Ask HN: You're a growing startup. What's your internal social network tool? - jmedwards

I have been longing for a really lean, simple social network tool which provides a basic people directory (and profiles), Yammer-style news feed for chatter and most importantly article and link sharing (but &gt;good&lt; article sharing, i.e. if you want to dig back to find something shared in the past or filter shares by tags, you can).
======
mindcrime
We don't really have one in "real life" (we're a 3 person startup, so no real
need for it), but if we did, it would be Quoddy[1]. We would also peer
Neddick[2] - an "information discovery platform" with Quoddy for even greater
effect. But we're a little bit biased, as we are the developers behind Quoddy
and Neddick.

That said, this is still pretty alpha and it's not exactly intended to be
"lean and simple", and I wouldn't say that it's for everyone. But it is all
open source and we have some features coming that we think are going to be
pretty rad.

In particular we're currently working on a "Triggers" feature in Neddick that
lets you hook actions to criteria around the shared links, so you can, for
example, have an email or xmpp message sent if a given story has a certain
keyword in the title or body, or if it's voted past a certain score threshold,
or is tagged with a certain tag. We'll also be implementing "channel filters"
soon, which let you filter a given channel (sorta like a sub-reddit) down to
just the entries that match your criteria.

And we've got some mondo gnarly semantic content enhancement / analysis stuff
coming down the pipe in the next few months...

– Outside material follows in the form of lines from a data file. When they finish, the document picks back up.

(* Let $n\neq 0$, $m\neq 2$ be nonnegative integers with $m+n\ge 3$, and let $\Omega\subsetneq\mathbb{R}^{n+m}\setminus\mathbb{R}^n$ be an open set. Then $\kappa_{m,n}(\Omega)=\kappa_{m,n}$ provided that one of the following holds: (a) there exist $x_0\in\mathbb{R}^n$ and $r>0$ such that $\Omega$ contains $B_r(x_0,0)\setminus\{y=0\}$; (b) there exists $R>0$ such that $\Omega$ contains the set $\{(x,y):|y|>R\}$.
   Context: Points of $\mathbb{R}^{n+m}=\mathbb{R}^n\times\mathbb{R}^m$ are written $(x,y)$, $x\in\mathbb{R}^n$, $y\in\mathbb{R}^m$; $\mathbb{R}^n$ denotes $\{y=0\}$; $N=n+m$, $2^*=\frac{2N}{N-2}$; $B_r(x_0,0)$ is the open ball of radius $r$ centered at $(x_0,0)$. For an open set $\Omega\subset\mathbb{R}^{n+m}\setminus\mathbb{R}^n$, $$\kappa_{m,n}(\Omega)=\inf\Big\{\int_\Omega\Big(|\nabla u|^2-\Big(\frac{m-2}{2}\Big)^2\frac{u^2}{|y|^2}\Big)dx\,dy : u\in C_0^\infty(\Omega),\ \int_\Omega|u|^{2^*}dx\,dy=1\Big\},$$ and $\kappa_{m,n}=\kappa_{m,n}(\mathbb{R}^{n+m}\setminus\mathbb{R}^n)$. *)

theory Defs
  imports "HOL-Analysis.Analysis"
begin

coinductive smooth_fun :: "('a::euclidean_space \<Rightarrow> real) \<Rightarrow> bool" where
  "f differentiable_on UNIV \<Longrightarrow> (\<forall>v. smooth_fun (\<lambda>p. frechet_derivative f (at p) v))
     \<Longrightarrow> smooth_fun f"

definition C0inf :: "'a::euclidean_space set \<Rightarrow> ('a \<Rightarrow> real) set" where
  "C0inf \<Omega> = {u. smooth_fun u \<and> compact (closure {p. u p \<noteq> 0})
                  \<and> closure {p. u p \<noteq> 0} \<subseteq> \<Omega>}"

definition grad_sq :: "('a::euclidean_space \<Rightarrow> real) \<Rightarrow> 'a \<Rightarrow> real" where
  "grad_sq u p = (\<Sum>b\<in>Basis. (frechet_derivative u (at p) b)\<^sup>2)"

text \<open>Points (x,y) of R^(n+m), with n = CARD('n), m = CARD('m).\<close>
definition crit_exp :: "nat \<Rightarrow> real" where
  "crit_exp N = 2 * real N / (real N - 2)"

definition kappa :: "((real^'n::finite) \<times> (real^'m::finite)) set \<Rightarrow> ereal" where
  "kappa \<Omega> = (let N = CARD('n) + CARD('m); m = real CARD('m) in
     Inf ((\<lambda>u. ereal (\<integral>p. grad_sq u p - ((m - 2) / 2)\<^sup>2 * (u p)\<^sup>2 / (norm (snd p))\<^sup>2 \<partial>lborel))
          ` {u \<in> C0inf \<Omega>. (\<integral>p. \<bar>u p\<bar> powr crit_exp N \<partial>lborel) = 1}))"

definition punctured_space :: "((real^'n::finite) \<times> (real^'m::finite)) set" where
  "punctured_space = {p. snd p \<noteq> 0}"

Unfortunately there aren't proper installers yet and the documentation is
pretty weak, but if anyone is interested in giving it a spin, feel free to
ping me for assistance. And we'll get the doco squared away at some point and
get some tooling but to make installation / configuration easier (yeah, this
stuff is an "on premises" play for now).

[1]: [https://github.com/fogbeam/Quoddy](https://github.com/fogbeam/Quoddy)

[2]: [https://github.com/fogbeam/Neddick](https://github.com/fogbeam/Neddick)

------
AbhishekBiswal
The Question is, do you really want a "social network" for your startup? If
yes, then Why? There are many tools out there which you can use to connect to
your co-founders and co-workers. Like: * HipChat for private chatrooms. *
Asana or Trello for assigning Tasks and checking on progress.

Or to make things simpler, you can just create a private group on Facebook,
and add your team members.

------
devonbarrett
Teambox